◆ Task item
Compute the number of lines in the following data that include the word "forall", and output that number alone.

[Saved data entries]

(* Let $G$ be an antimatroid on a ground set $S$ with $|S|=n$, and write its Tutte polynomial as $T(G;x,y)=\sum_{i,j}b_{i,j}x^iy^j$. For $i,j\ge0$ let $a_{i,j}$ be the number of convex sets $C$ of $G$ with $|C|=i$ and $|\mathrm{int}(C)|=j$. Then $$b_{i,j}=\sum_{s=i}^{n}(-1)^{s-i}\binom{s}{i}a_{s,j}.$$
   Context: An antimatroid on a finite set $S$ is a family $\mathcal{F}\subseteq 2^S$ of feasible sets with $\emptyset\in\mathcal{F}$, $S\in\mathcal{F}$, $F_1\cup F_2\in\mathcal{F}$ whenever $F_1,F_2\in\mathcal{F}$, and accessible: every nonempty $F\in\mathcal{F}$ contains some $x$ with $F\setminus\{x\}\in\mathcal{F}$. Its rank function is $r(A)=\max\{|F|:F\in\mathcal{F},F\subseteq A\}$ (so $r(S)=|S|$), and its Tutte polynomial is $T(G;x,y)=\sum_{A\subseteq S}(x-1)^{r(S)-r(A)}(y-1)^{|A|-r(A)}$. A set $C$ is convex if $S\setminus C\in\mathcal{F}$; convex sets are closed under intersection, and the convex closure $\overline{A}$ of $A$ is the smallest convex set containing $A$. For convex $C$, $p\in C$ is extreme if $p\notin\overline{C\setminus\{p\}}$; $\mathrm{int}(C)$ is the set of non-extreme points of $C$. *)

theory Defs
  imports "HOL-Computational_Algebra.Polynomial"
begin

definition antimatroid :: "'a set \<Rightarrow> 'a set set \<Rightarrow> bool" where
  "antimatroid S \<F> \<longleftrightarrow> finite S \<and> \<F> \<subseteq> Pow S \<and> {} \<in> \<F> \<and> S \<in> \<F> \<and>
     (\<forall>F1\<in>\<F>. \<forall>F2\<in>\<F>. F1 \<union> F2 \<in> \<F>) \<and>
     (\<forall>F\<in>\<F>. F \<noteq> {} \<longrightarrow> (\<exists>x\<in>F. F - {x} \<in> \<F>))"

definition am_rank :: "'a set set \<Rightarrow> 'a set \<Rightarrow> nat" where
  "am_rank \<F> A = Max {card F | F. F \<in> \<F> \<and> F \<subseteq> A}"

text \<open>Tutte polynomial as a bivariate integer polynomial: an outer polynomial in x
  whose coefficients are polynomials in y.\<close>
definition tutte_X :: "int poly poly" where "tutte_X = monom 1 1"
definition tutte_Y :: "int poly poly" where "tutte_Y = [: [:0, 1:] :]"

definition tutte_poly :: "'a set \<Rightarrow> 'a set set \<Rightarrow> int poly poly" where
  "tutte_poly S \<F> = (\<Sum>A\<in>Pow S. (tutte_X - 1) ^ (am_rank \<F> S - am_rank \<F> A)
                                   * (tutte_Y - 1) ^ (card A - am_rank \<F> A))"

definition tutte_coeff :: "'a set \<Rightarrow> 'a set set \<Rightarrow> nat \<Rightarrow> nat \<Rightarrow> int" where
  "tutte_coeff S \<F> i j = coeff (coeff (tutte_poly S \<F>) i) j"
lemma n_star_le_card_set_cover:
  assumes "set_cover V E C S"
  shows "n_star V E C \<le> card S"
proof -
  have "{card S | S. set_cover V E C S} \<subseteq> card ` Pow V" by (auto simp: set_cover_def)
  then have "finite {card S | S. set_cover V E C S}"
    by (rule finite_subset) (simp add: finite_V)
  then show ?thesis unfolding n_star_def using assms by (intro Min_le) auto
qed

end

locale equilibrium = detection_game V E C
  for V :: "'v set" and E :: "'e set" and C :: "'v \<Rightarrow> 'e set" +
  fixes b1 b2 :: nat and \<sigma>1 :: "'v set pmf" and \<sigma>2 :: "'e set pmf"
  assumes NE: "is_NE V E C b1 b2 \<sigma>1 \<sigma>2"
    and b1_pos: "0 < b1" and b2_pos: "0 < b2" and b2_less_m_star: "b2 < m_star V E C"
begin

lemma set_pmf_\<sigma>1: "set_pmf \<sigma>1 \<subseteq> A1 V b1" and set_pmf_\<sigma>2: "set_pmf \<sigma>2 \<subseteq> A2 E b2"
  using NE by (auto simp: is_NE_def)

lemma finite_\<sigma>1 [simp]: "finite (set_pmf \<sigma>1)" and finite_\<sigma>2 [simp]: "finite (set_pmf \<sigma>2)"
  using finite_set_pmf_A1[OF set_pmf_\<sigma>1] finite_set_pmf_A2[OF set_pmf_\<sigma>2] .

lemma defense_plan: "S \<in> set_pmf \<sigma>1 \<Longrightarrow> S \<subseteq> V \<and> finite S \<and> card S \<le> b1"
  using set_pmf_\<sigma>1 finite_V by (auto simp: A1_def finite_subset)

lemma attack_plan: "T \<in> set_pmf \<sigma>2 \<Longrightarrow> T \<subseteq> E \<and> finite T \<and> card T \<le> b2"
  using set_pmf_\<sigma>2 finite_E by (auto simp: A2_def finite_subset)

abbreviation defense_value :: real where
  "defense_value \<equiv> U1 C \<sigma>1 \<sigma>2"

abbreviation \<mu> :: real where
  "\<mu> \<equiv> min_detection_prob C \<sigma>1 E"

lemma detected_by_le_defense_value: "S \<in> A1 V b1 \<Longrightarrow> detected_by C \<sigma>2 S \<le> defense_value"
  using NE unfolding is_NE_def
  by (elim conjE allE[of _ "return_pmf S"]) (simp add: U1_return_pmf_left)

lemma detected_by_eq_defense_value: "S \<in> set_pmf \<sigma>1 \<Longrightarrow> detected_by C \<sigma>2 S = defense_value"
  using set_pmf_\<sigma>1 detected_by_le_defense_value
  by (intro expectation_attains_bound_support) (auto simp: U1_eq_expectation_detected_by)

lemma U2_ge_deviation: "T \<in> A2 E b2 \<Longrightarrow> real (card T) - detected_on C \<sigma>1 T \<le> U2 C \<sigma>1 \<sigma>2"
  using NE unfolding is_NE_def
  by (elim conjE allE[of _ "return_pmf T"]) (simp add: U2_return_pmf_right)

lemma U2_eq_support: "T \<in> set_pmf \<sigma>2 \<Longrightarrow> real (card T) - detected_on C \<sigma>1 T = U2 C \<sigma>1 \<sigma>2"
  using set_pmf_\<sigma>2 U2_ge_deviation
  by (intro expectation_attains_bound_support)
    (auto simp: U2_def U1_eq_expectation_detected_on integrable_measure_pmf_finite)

◆ Response below
2